Borrower cooperation and lender visibility
This structure works because it sits outside the lending process, but it can still help lenders make better decisions.
The work is independent, with the fee paid by the borrower. That matters because it often allows a more open, practical conversation than a lender can have directly without it feeling like escalation.
Where helpful and with consent, the output can be shared with the lender so credit teams and boards have a clearer, grounded view of the asset and the plan.
In pressured situations, that visibility makes a difference. It shows what is being done, why it is being done, and whether the borrower is cooperating.
How it works in practice
We work proportionately.
Some cases need a focused review and a reset plan within days. Others justify deeper work, including site time, local market testing, agent review, and specialist input where needed.

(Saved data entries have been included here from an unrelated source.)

lemma subspace_range_linear: "linear K \<Longrightarrow> subspace (range K)"
  by (simp add: linear_subspace_image)

context
  fixes K :: "'a::euclidean_space \<Rightarrow> 'b::euclidean_space"
  assumes linear_K: "linear K"
begin

lemma proj_ran_ex1: "\<exists>!v. v \<in> range K \<and> (\<forall>w\<in>range K. (u - v) \<bullet> w = 0)"
proof (rule ex_ex1I)
  obtain v w where "u = v + w" "v \<in> range K" "w \<in> (range K)\<^sup>\<bottom>"
    using subspace_sum_orthogonal_comp[OF subspace_range_linear[OF linear_K]] set_plus_elim
    by blast
  then show "\<exists>v. v \<in> range K \<and> (\<forall>w\<in>range K. (u - v) \<bullet> w = 0)"
    by (intro exI[of _ v]) (auto simp: orthogonal_comp_def orthogonal_def inner_commute)
next
  fix v1 v2
  assume v1: "v1 \<in> range K \<and> (\<forall>w\<in>range K. (u - v1) \<bullet> w = 0)"
    and v2: "v2 \<in> range K \<and> (\<forall>w\<in>range K. (u - v2) \<bullet> w = 0)"
  then obtain z where "K z = v1 - v2"
    by (metis rangeE subspace_diff subspace_range_linear[OF linear_K])
  with v1 v2 have "(u - v2) \<bullet> (v1 - v2) - (u - v1) \<bullet> (v1 - v2) = 0" by (metis diff_self rangeI)
  then have "(v1 - v2) \<bullet> (v1 - v2) = 0" by (simp add: algebra_simps inner_diff_left)
  then show "v1 = v2" by simp
qed
lemma tensor_product_nonzero:
  assumes tens: "tensor_product sA sV sW t"
    and "vector_space sA" "vector_space sV" "a \<noteq> 0" "x \<noteq> 0"
  shows "t a x \<noteq> 0"
proof
  assume "t a x = 0"
  obtain \<mu> where \<mu>: "Vector_Spaces.linear sA (*) \<mu>" "\<mu> a = 1"
    using vector_space.nonzero_functional[OF \<open>vector_space sA\<close> \<open>a \<noteq> 0\<close>] by blast
  obtain \<kappa> where \<kappa>: "Vector_Spaces.linear sV (*) \<kappa>" "\<kappa> x = 1"
    using vector_space.nonzero_functional[OF \<open>vector_space sV\<close> \<open>x \<noteq> 0\<close>] by blast
  obtain f where f: "Vector_Spaces.linear sW (*) f" "\<And>b y. f (t b y) = \<mu> b * \<kappa> y"
    using tensor_product_universal[OF tens linear_mult_const[OF \<mu>(1)] linear_const_mult[OF \<kappa>(1)]]
    by blast
  have "f (t a x) = 1"
    using f(2) \<mu>(2) \<kappa>(2) by simp
  moreover have "f 0 = 0"
    using f(1) tens unfolding tensor_product_def
    by (metis vector_space_pair.intro vector_space_pair.linear_0 vector_space_field_mult)
  ultimately show False
    using \<open>t a x = 0\<close> by simp
qed
(* Let $R$ be a Bézout domain and let $A,B,C\in R^{n\times n}$ satisfy $ABA=ACA$. If $AB$ and $CA$ are group invertible, then $(AB)^2(AB)^{D}$ is similar to $(CA)^2(CA)^{D}$.
   Context: A Bézout domain is an integral domain in which every finitely generated ideal is principal. A matrix $M\in R^{n\times n}$ is Drazin invertible if there exists $X\in R^{n\times n}$ with $MX=XM$, $XMX=X$ and $M^{m+1}X=M^m$ for some nonnegative integer $m$; such $X$ is unique and denoted $M^D$. $M$ is group invertible if this holds with $m=1$ (equivalently $MX=XM$, $XMX=X$, $MXM=M$). Two matrices $M,N\in R^{n\times n}$ are similar if $M=S^{-1}NS$ for some invertible $S\in R^{n\times n}$. *)

theory Defs
  imports "Jordan_Normal_Form.Matrix"
begin

definition ideal_gen :: "'a::comm_ring_1 set \<Rightarrow> 'a set" where
  "ideal_gen S = {x. \<exists>f. x = (\<Sum>a\<in>S. f a * a)}"

definition bezout_domain :: "'a::idom itself \<Rightarrow> bool" where
  "bezout_domain _ \<longleftrightarrow>
     (\<forall>S::'a set. finite S \<longrightarrow> (\<exists>d. ideal_gen S = {d * r | r. True}))"

definition is_drazin_inverse :: "nat \<Rightarrow> 'a::comm_ring_1 mat \<Rightarrow> 'a mat \<Rightarrow> bool" where
  "is_drazin_inverse n M X \<longleftrightarrow> X \<in> carrier_mat n n \<and> M * X = X * M \<and> X * M * X = X \<and>
     (\<exists>m. M ^\<^sub>m (m + 1) * X = M ^\<^sub>m m)"

definition drazin_invertible :: "nat \<Rightarrow> 'a::comm_ring_1 mat \<Rightarrow> bool" where
  "drazin_invertible n M \<longleftrightarrow> (\<exists>X. is_drazin_inverse n M X)"

definition drazin_inv :: "nat \<Rightarrow> 'a::comm_ring_1 mat \<Rightarrow> 'a mat" where
  "drazin_inv n M = (THE X. is_drazin_inverse n M X)"

text \<open>Group invertibility: the Drazin conditions with index m = 1.\<close>
definition group_invertible :: "nat \<Rightarrow> 'a::comm_ring_1 mat \<Rightarrow> bool" where
  "group_invertible n M \<longleftrightarrow> (\<exists>X. X \<in> carrier_mat n n \<and> M * X = X * M \<and> X * M * X = X \<and>
     M ^\<^sub>m 2 * X = M)"

end

(*
  Since AB and CA are group invertible, (AB)^2 (AB)^D = AB and (CA)^2 (CA)^D = CA, so the claim
  is that AB and CA are similar.  Let X, Y be the group inverses and P = AB X, Q = CA Y the
  associated idempotents.  From ABA = ACA one gets that U = A Q and V = Y C P satisfy UV = P,
  VU = Q, U = P U Q and V = Q V P, and that AB U = U CA.

  Over a Bezout domain every idempotent matrix is similar to diag(1,...,1,0,...,0): a nonzero
  column v of E satisfies E v = v, and 2 x 2 unimodular transformations turn v into a multiple
  of the first unit vector, which makes the first column of the conjugate a unit column; a
  unipotent conjugation then clears the first row and one recurses on the remaining block.
  A determinant argument shows that two such diagonal idempotents related as above have the same
  rank, so P and Q are similar, say P S = S Q.  Finally T = U + S (1 - Q) is invertible with
  AB T = T CA.
*)
theory Submission
  imports Defs "Jordan_Normal_Form.Determinant"
begin

section \<open>Elementary transformations over a Bezout domain\<close>

lemma ideal_gen_pair: "ideal_gen {a, b} = {u * a + v * b | u v. True}"
proof (cases "a = b")
  case True
  have "(\<exists>f. x = f a * a) \<longleftrightarrow> (\<exists>u v. x = u * a + v * a)" for x
  proof
    assume "\<exists>u v. x = u * a + v * a"
    then obtain u v where "x = u * a + v * a" by blast
    then show "\<exists>f. x = f a * a" by (intro exI[of _ "\<lambda>_. u + v"]) (simp add: distrib_right)
  next
    assume "\<exists>f. x = f a * a"
    then obtain f where "x = f a * a" by blast
    then show "\<exists>u v. x = u * a + v * a" by (intro exI[of _ "f a"] exI[of _ 0]) simp
  qed
  then show ?thesis using True by (simp add: ideal_gen_def)
next
  case False
  have "(\<exists>f. x = f a * a + f b * b) \<longleftrightarrow> (\<exists>u v. x = u * a + v * b)" for x
  proof
    assume "\<exists>u v. x = u * a + v * b"
    then obtain u v where "x = u * a + v * b" by blast
    then show "\<exists>f. x = f a * a + f b * b"
      using False by (intro exI[of _ "\<lambda>s. if s = a then u else v"]) auto
  qed blast
  then show ?thesis using False by (simp add: ideal_gen_def)
qed

lemma bezout_domain_coprime_factors:
  fixes a b :: "'a::idom"
  assumes "bezout_domain TYPE('a)"
  obtains d a' b' x y where "a = d * a'" "b = d * b'" "x * a' + y * b' = 1"
proof -
  obtain d where d: "ideal_gen {a, b} = {d * r | r. True}"
    using assms unfolding bezout_domain_def by (meson finite.emptyI finite.insertI)
  have "a = 1 * a + 0 * b" "b = 0 * a + 1 * b" by simp_all
  then have "a \<in> ideal_gen {a, b}" "b \<in> ideal_gen {a, b}" unfolding ideal_gen_pair by blast+
  then obtain a' b' where ab: "a = d * a'" "b = d * b'" unfolding d by blast
  have "d \<in> ideal_gen {a, b}" unfolding d by (auto intro: exI[of _ 1])
  then obtain x y where "d = x * a + y * b" unfolding ideal_gen_pair by blast
  then have "d * (x * a' + y * b') = d * 1" using ab by (simp add: algebra_simps)
  then consider "d = 0" | "x * a' + y * b' = 1" unfolding mult_cancel_left by blast
  then show thesis
  proof cases
    case 1
    then show thesis using ab that[of 0 1 0 1 0] by simp
  next
    case 2
    with ab show thesis by (rule that)
  qed
qed

lemma sum_single_support:
  fixes n :: nat
  assumes "i < n" "\<And>j. j < n \<Longrightarrow> j \<noteq> i \<Longrightarrow> f j = 0"
  shows "sum f {0..<n} = f i"
proof -
  have "sum f {0..<n} = sum f {i}" using assms by (intro sum.mono_neutral_right) auto
  then show ?thesis by simp
qed

lemma sum_pair_support:
  fixes n :: nat
  assumes "k < n" "l < n" "k \<noteq> l" "\<And>j. j < n \<Longrightarrow> j \<noteq> k \<Longrightarrow> j \<noteq> l \<Longrightarrow> f j = 0"
  shows "sum f {0..<n} = f k + f l"
proof -
  have "sum f {0..<n} = sum f {k, l}" using assms by (intro sum.mono_neutral_right) auto
  then show ?thesis using assms(3) by simp
qed

lemma eq_mat_by_mult_vec:
  fixes A B :: "'a::semiring_1 mat"
  assumes "A \<in> carrier_mat nr nc" "B \<in> carrier_mat nr nc"
    and "\<And>u. u \<in> carrier_vec nc \<Longrightarrow> A *\<^sub>v u = B *\<^sub>v u"
  shows "A = B"
proof (rule eq_matI)
  fix i j assume "i < dim_row B" "j < dim_col B"
  then have "(A *\<^sub>v unit_vec nc j) $ i = (B *\<^sub>v unit_vec nc j) $ i" using assms by simp
  then show "A $$ (i, j) = B $$ (i, j)"
    using assms(1,2) \<open>i < dim_row B\<close> \<open>j < dim_col B\<close> by (simp add: carrier_matD)
qed (use assms in auto)

lemma mat_mult_left_right_inverse_comm:
  fixes A B :: "'a::comm_ring_1 mat"
  assumes A: "A \<in> carrier_mat n n" and B: "B \<in> carrier_mat n n" and AB: "A * B = 1\<^sub>m n"
  shows "B * A = 1\<^sub>m n"
proof -
  have det: "det B * det A = 1" using det_mult[OF A B] AB by (simp add: mult.commute)
  have "adj_mat A = adj_mat A * (A * B)" using adj_mat(1)[OF A] by (simp add: AB right_mult_one_mat)
  also have "\<dots> = (adj_mat A * A) * B" using adj_mat(1)[OF A] A B by (simp add: assoc_mult_mat)
  also have "\<dots> = det A \<cdot>\<^sub>m B"
    using B by (simp add: adj_mat(3)[OF A] mult_smult_assoc_mat[OF one_carrier_mat B] left_mult_one_mat)
  finally have B_eq: "det B \<cdot>\<^sub>m adj_mat A = B"
    using B det by (intro eq_matI) (auto simp: mult.assoc[symmetric])
  have "B * A = (det B \<cdot>\<^sub>m adj_mat A) * A" by (simp only: B_eq)
  also have "\<dots> = det B \<cdot>\<^sub>m (adj_mat A * A)" by (rule mult_smult_assoc_mat[OF adj_mat(1)[OF A] A])
  also have "\<dots> = 1\<^sub>m n" using det by (intro eq_matI) (auto simp: adj_mat(3)[OF A] mult.assoc[symmetric])
  finally show ?thesis .
qed

definition embed2_mat :: "nat \<Rightarrow> nat \<Rightarrow> nat \<Rightarrow> 'a \<Rightarrow> 'a \<Rightarrow> 'a \<Rightarrow> 'a \<Rightarrow> 'a::comm_ring_1 mat" where
  "embed2_mat n k l x y z w = mat n n (\<lambda>(i, j).
     if i = k then (if j = k then x else if j = l then y else 0)
     else if i = l then (if j = k then z else if j = l then w else 0)
     else if i = j then 1 else 0)"

lemma embed2_mat_carrier [simp]: "embed2_mat n k l x y z w \<in> carrier_mat n n"
  and embed2_mat_dim [simp]: "dim_row (embed2_mat n k l x y z w) = n" "dim_col (embed2_mat n k l x y z w) = n"
  by (simp_all add: embed2_mat_def)

lemma embed2_mat_mult_vec:
  assumes "k < n" "l < n" "k \<noteq> l" "u \<in> carrier_vec n" "i < n"
  shows "(embed2_mat n k l x y z w *\<^sub>v u) $ i =
    (if i = k then x * u $ k + y * u $ l else if i = l then z * u $ k + w * u $ l else u $ i)"
proof -
  have "(embed2_mat n k l x y z w *\<^sub>v u) $ i = (\<Sum>j\<in>{0..<n}. embed2_mat n k l x y z w $$ (i, j) * u $ j)"
    using assms by (simp add: scalar_prod_def)
  also have "\<dots> = (if i = k then x * u $ k + y * u $ l else if i = l then z * u $ k + w * u $ l else u $ i)"
  proof (cases "i = k \<or> i = l")
    case True
    then show ?thesis using assms by (subst sum_pair_support[of k n l]) (auto simp: embed2_mat_def)
  next
    case False
    then show ?thesis using assms by (subst sum_single_support[of i n]) (auto simp: embed2_mat_def)
  qed
  finally show ?thesis .
qed

lemma embed2_mat_adj_mult:
  assumes kl: "k < n" "l < n" "k \<noteq> l" and det: "x * w - y * z = 1"
  shows "embed2_mat n k l w (- y) (- z) x * embed2_mat n k l x y z w = 1\<^sub>m n"
proof (rule eq_mat_by_mult_vec[where nr = n])
  fix u :: "'a vec" assume u: "u \<in> carrier_vec n"
  define v where "v = embed2_mat n k l x y z w *\<^sub>v u"
  have v: "v \<in> carrier_vec n" unfolding v_def by (rule mult_mat_vec_carrier[OF embed2_mat_carrier u])
  have v_index: "v $ j = (if j = k then x * u $ k + y * u $ l else if j = l then z * u $ k + w * u $ l else u $ j)"
    if "j < n" for j
    unfolding v_def using embed2_mat_mult_vec[OF kl u that] .
  have "embed2_mat n k l w (- y) (- z) x *\<^sub>v v = u"
  proof (rule eq_vecI)
    fix i assume "i < dim_vec u"
    then have i: "i < n" using u by simp
    have F_v: "(embed2_mat n k l w (- y) (- z) x *\<^sub>v v) $ i =
      (if i = k then w * v $ k + - y * v $ l else if i = l then - z * v $ k + x * v $ l else v $ i)"
      by (rule embed2_mat_mult_vec[OF kl v i])
    have "w * v $ k + - y * v $ l = (x * w - y * z) * u $ k"
      "- z * v $ k + x * v $ l = (x * w - y * z) * u $ l"
      using kl by (simp_all add: v_index algebra_simps)
    then show "(embed2_mat n k l w (- y) (- z) x *\<^sub>v v) $ i = u $ i"
      unfolding F_v det using v_index[OF i] by simp
  qed (use u v in simp)
  then show "(embed2_mat n k l w (- y) (- z) x * embed2_mat n k l x y z w) *\<^sub>v u = 1\<^sub>m n *\<^sub>v u"
    using u by (simp add: v_def assoc_mult_mat_vec[OF embed2_mat_carrier embed2_mat_carrier u])
qed (rule mult_carrier_mat[OF embed2_mat_carrier embed2_mat_carrier], simp)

Depth increases only where the situation justifies it.
If the honest answer is that a plan is not workable as proposed, we will say that clearly.
What this delivers
By the time decisions are taken, there is a clearer, evidenced view of where the asset stands today and what routes remain realistic.
That usually leads to quicker, cleaner decisions, less confusion, and fewer situations where everyone is reacting late.
If the position can be stabilised, it happens earlier.
If it cannot, that becomes clear sooner, which protects time and reduces avoidable cost.
How this fits with brokers, valuers and solicitors
We don’t replace brokers, valuers, agents or solicitors.
We focus on the asset and the exit, so the work others are asked to do is based on a clearer set of assumptions and a more realistic plan.
In practice, that tends to reduce false starts, avoidable back and forth, and late surprises.